◆ **What the task asks**
Below this line is a set of entries; quote exactly the lines from the line that contains "coproduct of c." to the line that contains "('v \<Rightarrow> 'v \<Rightarrow> 'v \<Rightarrow> 'f)", both lines included.

Collected data entries:
(* Let $n\ge 0$ be an integer and for $k\in\mathbb{Z}_+$ let $v_k(t)=c_k\,e^{-\frac{t^{2n+2}}{2n+2}}L^{(-\frac{1}{2n+2})}_{k}\!\left(\frac{t^{2n+2}}{n+1}\right)$ with $c_k>0$ chosen so that $\|t^nv_k\|_{L^2(\mathbb{R})}=1$. Let $0<\delta\le\frac12$, $B=\frac{1-\delta^{2n+1}}{2n+2}$, and let $C_0>0$ be a constant independent of $k$ such that $|v_k(t)|\le C_0^{k+1}e^{-Bt^{2n+2}}$ for all $k$ and $t$. Then for every $B'$ with $0<B'<B$ there is a constant $C_1>0$ independent of $k$, with $C_1=\mathscr{O}((B-B')^{-2})$, such that $$|v_k'(t)|\le C_1C_0^{\,k}e^{-B't^{2n+2}}$$ for all $k\in\mathbb{Z}_+$ and $t\in\mathbb{R}$.
   Context: $L^{(a)}_k$ denotes the generalized Laguerre polynomial of degree $k$ and parameter $a$. $v_k$ solves $-v_k''+t^{2(2n+1)}v_k=E_kt^{2n}v_k$ with $E_k=4k(n+1)+2n+1$. *)

theory Defs
  imports "HOL-Analysis.Analysis"
begin

definition gen_laguerre :: "real \<Rightarrow> nat \<Rightarrow> real \<Rightarrow> real" where
  "gen_laguerre a k x =
     (\<Sum>i\<le>k. (-1) ^ i * ((real k + a) gchoose (k - i)) * x ^ i / fact i)"

definition v_unnorm :: "nat \<Rightarrow> nat \<Rightarrow> real \<Rightarrow> real" where
  "v_unnorm n k t =
     exp (- (t ^ (2*n+2)) / (2 * real n + 2)) *
     gen_laguerre (- 1 / (2 * real n + 2)) k (t ^ (2*n+2) / (real n + 1))"

end

theory Submission
  imports Defs
begin
(* Every Hopf heap $(C,\chi)$ admits a Grunspan map; explicitly $\vartheta(c)=\sum[c_{(1)},[e_{(1)},c_{(3)},c_{(2)}],e_{(2)}]$ for all $c\in C$, where $e\in C$ is any element with $\varepsilon(e)=1$.
   Context: Work over a field $\mathbb{F}$; coalgebras coassociative, counital, of dimension at least one, Sweedler notation; $C^{\mathrm{co}}$ is the co-opposite coalgebra. A Hopf heap is a coalgebra $C$ with a coalgebra map $\chi:C\otimes C^{\mathrm{co}}\otimes C\to C$, $a\otimes b\otimes c\mapsto[a,b,c]$ (so $\Delta[a,b,c]=\sum[a_{(1)},b_{(2)},c_{(1)}]\otimes[a_{(2)},b_{(1)},c_{(2)}]$, $\varepsilon[a,b,c]=\varepsilon(a)\varepsilon(b)\varepsilon(c)$), such that $[[a,b,c],d,e]=[a,b,[c,d,e]]$ and $\sum[c_{(1)},c_{(2)},a]=\sum[a,c_{(1)},c_{(2)}]=\varepsilon(c)a$ for all $a,b,c,d,e\in C$. A Grunspan map is a coalgebra map $\vartheta:C\to C$ with $[[a,b,\vartheta(c)],d,e]=[a,[d,c,b],e]$ for all $a,b,c,d,e\in C$. *)

theory Defs
  imports Main "HOL.Vector_Spaces"
begin

text \<open>
Elements of C (x) C (resp. C (x) C (x) C) are
represented by finite lists of pairs (resp. triples), i.e. finite sums of simple
tensors; two such lists denote the same tensor iff every bilinear (resp. trilinear)
form C x C -> F (resp. C x C x C -> F) takes the same value on them (the dual of a
tensor product separates points).  Linear maps out of tensor products are
represented by multilinear maps.  The comultiplication is given as a function
Delta :: 'v => ('v * 'v) list, with Delta c a Sweedler representation of the
coproduct of c.
\<close>

definition lin_form :: "('f::field \<Rightarrow> 'v::ab_group_add \<Rightarrow> 'v) \<Rightarrow> ('v \<Rightarrow> 'f) \<Rightarrow> bool" where
  "lin_form sc f \<longleftrightarrow> (\<forall>x y. f (x + y) = f x + f y) \<and> (\<forall>a x. f (sc a x) = a * f x)"

definition lin_map :: "('f::field \<Rightarrow> 'v::ab_group_add \<Rightarrow> 'v) \<Rightarrow> ('v \<Rightarrow> 'v) \<Rightarrow> bool" where
  "lin_map sc f \<longleftrightarrow> (\<forall>x y. f (x + y) = f x + f y) \<and> (\<forall>a x. f (sc a x) = sc a (f x))"

definition bil_form :: "('f::field \<Rightarrow> 'v::ab_group_add \<Rightarrow> 'v) \<Rightarrow> ('v \<Rightarrow> 'v \<Rightarrow> 'f) \<Rightarrow> bool" where
  "bil_form sc B \<longleftrightarrow> (\<forall>x. lin_form sc (B x)) \<and> (\<forall>y. lin_form sc (\<lambda>x. B x y))"

definition tril_form :: "('f::field \<Rightarrow> 'v::ab_group_add \<Rightarrow> 'v) \<Rightarrow> ('v \<Rightarrow> 'v \<Rightarrow> 'v \<Rightarrow> 'f) \<Rightarrow> bool" where
  "tril_form sc T \<longleftrightarrow> (\<forall>x y. lin_form sc (T x y)) \<and> (\<forall>x z. lin_form sc (\<lambda>y. T x y z))
     \<and> (\<forall>y z. lin_form sc (\<lambda>x. T x y z))"

definition tril_map :: "('f::field \<Rightarrow> 'v::ab_group_add \<Rightarrow> 'v) \<Rightarrow> ('v \<Rightarrow> 'v \<Rightarrow> 'v \<Rightarrow> 'v) \<Rightarrow> bool" where
  "tril_map sc T \<longleftrightarrow> (\<forall>x y. lin_map sc (T x y)) \<and> (\<forall>x z. lin_map sc (\<lambda>y. T x y z))
     \<and> (\<forall>y z. lin_map sc (\<lambda>x. T x y z))"

definition tensor2_eq :: "('f::field \<Rightarrow> 'v::ab_group_add \<Rightarrow> 'v) \<Rightarrow> ('v \<times> 'v) list \<Rightarrow> ('v \<times> 'v) list \<Rightarrow> bool" where
  "tensor2_eq sc xs ys \<longleftrightarrow> (\<forall>B. bil_form sc B \<longrightarrow>
      sum_list (map (\<lambda>(x, y). B x y) xs) = sum_list (map (\<lambda>(x, y). B x y) ys))"

definition tensor3_eq :: "('f::field \<Rightarrow> 'v::ab_group_add \<Rightarrow> 'v) \<Rightarrow> ('v \<times> 'v \<times> 'v) list \<Rightarrow> ('v \<times> 'v \<times> 'v) list \<Rightarrow> bool" where
  "tensor3_eq sc xs ys \<longleftrightarrow> (\<forall>T. tril_form sc T \<longrightarrow>
      sum_list (map (\<lambda>(x, y, z). T x y z) xs) = sum_list (map (\<lambda>(x, y, z). T x y z) ys))"

text \<open>(Delta (x) id) Delta c = sum c_(1) (x) c_(2) (x) c_(3), and (id (x) Delta) Delta c.\<close>
definition delta3L :: "('v \<Rightarrow> ('v \<times> 'v) list) \<Rightarrow> 'v \<Rightarrow> ('v \<times> 'v \<times> 'v) list" where
  "delta3L D c = concat (map (\<lambda>(x, y). map (\<lambda>(x1, x2). (x1, x2, y)) (D x)) (D c))"

definition delta3R :: "('v \<Rightarrow> ('v \<times> 'v) list) \<Rightarrow> 'v \<Rightarrow> ('v \<times> 'v \<times> 'v) list" where
  "delta3R D c = concat (map (\<lambda>(x, y). map (\<lambda>(y1, y2). (x, y1, y2)) (D y)) (D c))"

definition coalgebra :: "('f::field \<Rightarrow> 'v::ab_group_add \<Rightarrow> 'v) \<Rightarrow> ('v \<Rightarrow> ('v \<times> 'v) list) \<Rightarrow> ('v \<Rightarrow> 'f) \<Rightarrow> bool" where
  "coalgebra sc D eps \<longleftrightarrow>
     vector_space sc \<and> (\<exists>c::'v. c \<noteq> 0) \<and>
     lin_form sc eps \<and>
     (\<forall>x y. tensor2_eq sc (D (x + y)) (D x @ D y)) \<and>
     (\<forall>a x. tensor2_eq sc (D (sc a x)) (map (\<lambda>(u, v). (sc a u, v)) (D x))) \<and>
     (\<forall>c. tensor3_eq sc (delta3L D c) (delta3R D c)) \<and>
     (\<forall>c. sum_list (map (\<lambda>(x, y). sc (eps x) y) (D c)) = c) \<and>
     (\<forall>c. sum_list (map (\<lambda>(x, y). sc (eps y) x) (D c)) = c)"

definition coalg_map :: "('f::field \<Rightarrow> 'v::ab_group_add \<Rightarrow> 'v) \<Rightarrow> ('v \<Rightarrow> ('v \<times> 'v) list) \<Rightarrow> ('v \<Rightarrow> 'f) \<Rightarrow> ('v \<Rightarrow> 'v) \<Rightarrow> bool" where
  "coalg_map sc D eps f \<longleftrightarrow> lin_map sc f \<and>
     (\<forall>c. tensor2_eq sc (D (f c)) (map (\<lambda>(x, y). (f x, f y)) (D c))) \<and>
     (\<forall>c. eps (f c) = eps c)"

◆ **Task solution**
coproduct of c.
\<close>

definition lin_form :: "('f::field \<Rightarrow> 'v::ab_group_add \<Rightarrow> 'v) \<Rightarrow> ('v \<Rightarrow> 'f) \<Rightarrow> bool" where
  "lin_form sc f \<longleftrightarrow> (\<forall>x y. f (x + y) = f x + f y) \<and> (\<forall>a x. f (sc a x) = a * f x)"

definition lin_map :: "('f::field \<Rightarrow> 'v::ab_group_add \<Rightarrow> 'v) \<Rightarrow> ('v \<Rightarrow> 'v) \<Rightarrow> bool" where
  "lin_map sc f \<longleftrightarrow> (\<forall>x y. f (x + y) = f x + f y) \<and> (\<forall>a x. f (sc a x) = sc a (f x))"

definition bil_form :: "('f::field \<Rightarrow> 'v::ab_group_add \<Rightarrow> 'v) \<Rightarrow> ('v \<Rightarrow> 'v \<Rightarrow> 'f) \<Rightarrow> bool" where
  "bil_form sc B \<longleftrightarrow> (\<forall>x. lin_form sc (B x)) \<and> (\<forall>y. lin_form sc (\<lambda>x. B x y))"

definition tril_form :: "('f::field \<Rightarrow> 'v::ab_group_add \<Rightarrow> 'v) \<Rightarrow> ('v \<Rightarrow> 'v \<Rightarrow> 'v \<Rightarrow> 'f) \<Rightarrow> bool" where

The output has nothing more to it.